(Collected data)
● ● ● ●
lemma ordered_blocks_imp_subset_G_omega:
  assumes n: "n \<ge> 1" and xs: "xs \<in> permutations_of_set (Knn_edges n)"
    and e: "e \<in> M" "M \<subseteq> Knn_edges n"
    and blocks: "ordered_blocks (M - {e}) e ({fst e} \<times> {..<n} - {e}) xs \<or>
                 ordered_blocks (M - {e}) e ({..<n} \<times> {snd e} - {e}) xs"
  shows "M \<subseteq> G_omega n xs"
proof -
  have "G_omega n xs \<subseteq> Knn_edges n"
    unfolding G_omega_def using permutations_of_setD(1)[OF xs] set_take_subset by metis
  then have cover: "\<forall>i<n. G_omega n xs \<inter> ({i} \<times> {..<n}) \<noteq> {}"
    "\<forall>j<n. G_omega n xs \<inter> ({..<n} \<times> {j}) \<noteq> {}"
    using stop_index_spec(3)[OF n xs] by (simp_all add: no_isolated_iff)
  have covered: "M \<subseteq> G_omega n xs"
    if "e \<in> Z" "G_omega n xs \<inter> Z \<noteq> {}" "ordered_blocks (M - {e}) e (Z - {e}) xs" for Z
    using ordered_blocks_take[OF that(3), of "stop_index n xs"] that(1,2) e(1) unfolding G_omega_def
    by (simp add: insert_absorb)
  have "fst e < n" "snd e < n" using e unfolding Knn_edges_def by auto
  then show ?thesis
    using blocks covered[of "{fst e} \<times> {..<n}"] covered[of "{..<n} \<times> {snd e}"] cover
    by (cases e) auto
qed

lemma subset_G_omega_imp_ordered_blocks:
  assumes n: "n \<ge> 1" and xs: "xs \<in> permutations_of_set (Knn_edges n)"
    and M: "perfect_matching n M" and MG: "M \<subseteq> G_omega n xs"
  shows "\<exists>e\<in>M. ordered_blocks (M - {e}) e ({fst e} \<times> {..<n} - {e}) xs \<or>
               ordered_blocks (M - {e}) e ({..<n} \<times> {snd e} - {e}) xs"
proof -
  define t where "t = stop_index n xs"
  define e where "e = xs ! (t - 1)"
  define T where "T = set (take (t - 1) xs)"
  note t_spec = stop_index_spec[OF n xs, folded t_def]
  have t: "t - 1 < length xs" using t_spec(1,2) by simp
  then have "take t xs = take (t - 1) xs @ [e]"
    using t_spec(1) take_Suc_conv_app_nth[OF t] unfolding e_def by simp
  then have M_T: "M \<subseteq> insert e T" using MG unfolding G_omega_def t_def[symmetric] T_def by auto
  \<comment> \<open>a vertex isolated in T is covered by e, and its star Z holds the edges that must come after e\<close>
  have blocks: "\<exists>e\<in>M \<inter> Z. ordered_blocks (M - {e}) e (Z - {e}) xs"
    if "T \<inter> Z = {}" "M \<inter> Z \<noteq> {}" for Z
  proof -
    have "e \<in> M \<inter> Z" using that M_T by auto
    moreover have "ordered_blocks (M - {e}) e (Z - {e}) xs"
      using t M_T that(1) \<open>e \<in> M \<inter> Z\<close> unfolding e_def T_def
      by (intro ordered_blocks_nth) (auto simp: insert_absorb)
    ultimately show ?thesis ..
  qed
  have "T \<subseteq> Knn_edges n" unfolding T_def using permutations_of_setD(1)[OF xs] set_take_subset by metis
  then have "(\<exists>i<n. T \<inter> ({i} \<times> {..<n}) = {}) \<or> (\<exists>j<n. T \<inter> ({..<n} \<times> {j}) = {})"
    using t_spec(4) unfolding T_def[symmetric] no_isolated_iff[OF \<open>T \<subseteq> Knn_edges n\<close>] by blast
  moreover have "M \<subseteq> Knn_edges n" using M unfolding perfect_matching_def by blast
  then have M_cover: "\<forall>i<n. M \<inter> ({i} \<times> {..<n}) \<noteq> {}" "\<forall>j<n. M \<inter> ({..<n} \<times> {j}) \<noteq> {}"
    using perfect_matching_imp_no_isolated[OF M] by (simp_all add: no_isolated_iff)
  ultimately show ?thesis
  proof (elim disjE exE conjE)
    fix i assume "i < n" "T \<inter> ({i} \<times> {..<n}) = {}"
    then obtain e where "e \<in> M \<inter> ({i} \<times> {..<n})" "ordered_blocks (M - {e}) e ({i} \<times> {..<n} - {e}) xs"
      using blocks[of "{i} \<times> {..<n}"] M_cover(1) by blast
    then show ?thesis by (intro bexI[of _ e]) auto
  next
    fix j assume "j < n" "T \<inter> ({..<n} \<times> {j}) = {}"
    then obtain e where "e \<in> M \<inter> ({..<n} \<times> {j})" "ordered_blocks (M - {e}) e ({..<n} \<times> {j} - {e}) xs"
      using blocks[of "{..<n} \<times> {j}"] M_cover(2) by blast
    then show ?thesis by (intro bexI[of _ e]) auto
  qed
qed

lemma subset_G_omega_iff:
  assumes "n \<ge> 1" "xs \<in> permutations_of_set (Knn_edges n)" "perfect_matching n M"
  shows "M \<subseteq> G_omega n xs \<longleftrightarrow>
           (\<exists>e\<in>M. ordered_blocks (M - {e}) e ({fst e} \<times> {..<n} - {e}) xs \<or>
                  ordered_blocks (M - {e}) e ({..<n} \<times> {snd e} - {e}) xs)"
proof
  have "M \<subseteq> Knn_edges n" using assms(3) unfolding perfect_matching_def by blast
  then show "M \<subseteq> G_omega n xs" if "\<exists>e\<in>M. ordered_blocks (M - {e}) e ({fst e} \<times> {..<n} - {e}) xs \<or>
                  ordered_blocks (M - {e}) e ({..<n} \<times> {snd e} - {e}) xs"
    using that ordered_blocks_imp_subset_G_omega[OF assms(1,2)] by blast
qed (rule subset_G_omega_imp_ordered_blocks[OF assms])

lemma card_ordered_blocks_matching:
  assumes M: "perfect_matching n M" and e: "e \<in> M" and X: "X \<subseteq> Knn_edges n" "M \<inter> X = {}"
  shows "real (card {xs \<in> permutations_of_set (Knn_edges n). ordered_blocks (M - {e}) e X xs})
           = fact (n * n) / (n * ((n + card X) choose n))"
proof -
  define c where "c = card {xs \<in> permutations_of_set (Knn_edges n). ordered_blocks (M - {e}) e X xs}"
  define C where "C = (n + card X) choose n"
  have M_edges: "M \<subseteq> Knn_edges n" using M unfolding perfect_matching_def by blast
  have card_M: "card M = n" using card_perfect_matching[OF M] .
  have fin: "finite M" "finite X" using M_edges X(1) by (auto intro: rev_finite_subset simp: Knn_edges_def)
  then obtain m where m: "n = Suc m" using card_M e by (cases n) auto
  have "c * fact (card (M - {e}) + card X + 1)
          = fact (card (Knn_edges n)) * (fact (card (M - {e})) * fact (card X))"
    unfolding c_def using e X M_edges by (intro card_ordered_blocks) (auto simp: Knn_edges_def)
  moreover have "card (M - {e}) = m" "card (Knn_edges n) = n * n"
    using card_M fin e m by (simp_all add: Knn_edges_def)
  ultimately have c: "c * fact (n + card X) = fact (n * n) * (fact m * fact (card X))"
    using m by simp
  have fact_n: "fact n = n * fact m" using m by simp
  have "(c * (n * C)) * (fact m * fact (card X)) = c * (fact n * fact (card X) * C)"
    unfolding fact_n by (simp only: mult_ac)
  also have "\<dots> = c * fact (n + card X)"
    using binomial_fact_lemma[of n "n + card X"] unfolding C_def by simp
  also have "\<dots> = fact (n * n) * (fact m * fact (card X))" by (rule c)
  finally have "c * (n * C) = fact (n * n)" by simp
  then have "real c * (real n * real C) = fact (n * n)" by (metis of_nat_fact of_nat_mult)
  moreover have "C > 0" "n > 0" using m unfolding C_def by simp_all
  ultimately show ?thesis unfolding c_def[symmetric] C_def[symmetric] by (simp add: field_simps)
qed

lemma card_edges_at_endpoints:
  assumes "e \<in> Knn_edges n"
  shows "card ({fst e} \<times> {..<n} - {e}) = n - 1" "card ({..<n} \<times> {snd e} - {e}) = n - 1"
    "card (({fst e} \<times> {..<n} - {e}) \<union> ({..<n} \<times> {snd e} - {e})) = 2 * n - 2"
proof -
  have e: "fst e < n" "snd e < n" using assms unfolding Knn_edges_def by auto
  then show row: "card ({fst e} \<times> {..<n} - {e}) = n - 1"
    and col: "card ({..<n} \<times> {snd e} - {e}) = n - 1"
    by (simp_all add: card_cartesian_product mem_Times_iff)
  have "({fst e} \<times> {..<n} - {e}) \<inter> ({..<n} \<times> {snd e} - {e}) = {}" by auto
  then show "card (({fst e} \<times> {..<n} - {e}) \<union> ({..<n} \<times> {snd e} - {e})) = 2 * n - 2"
    using row col by (simp add: card_Un_disjoint)
qed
● ● ● ●
- **Exercise goal**:
How many of the lines above hold the word "assumes"? Give only that number.

- **Output for this exercise**:
5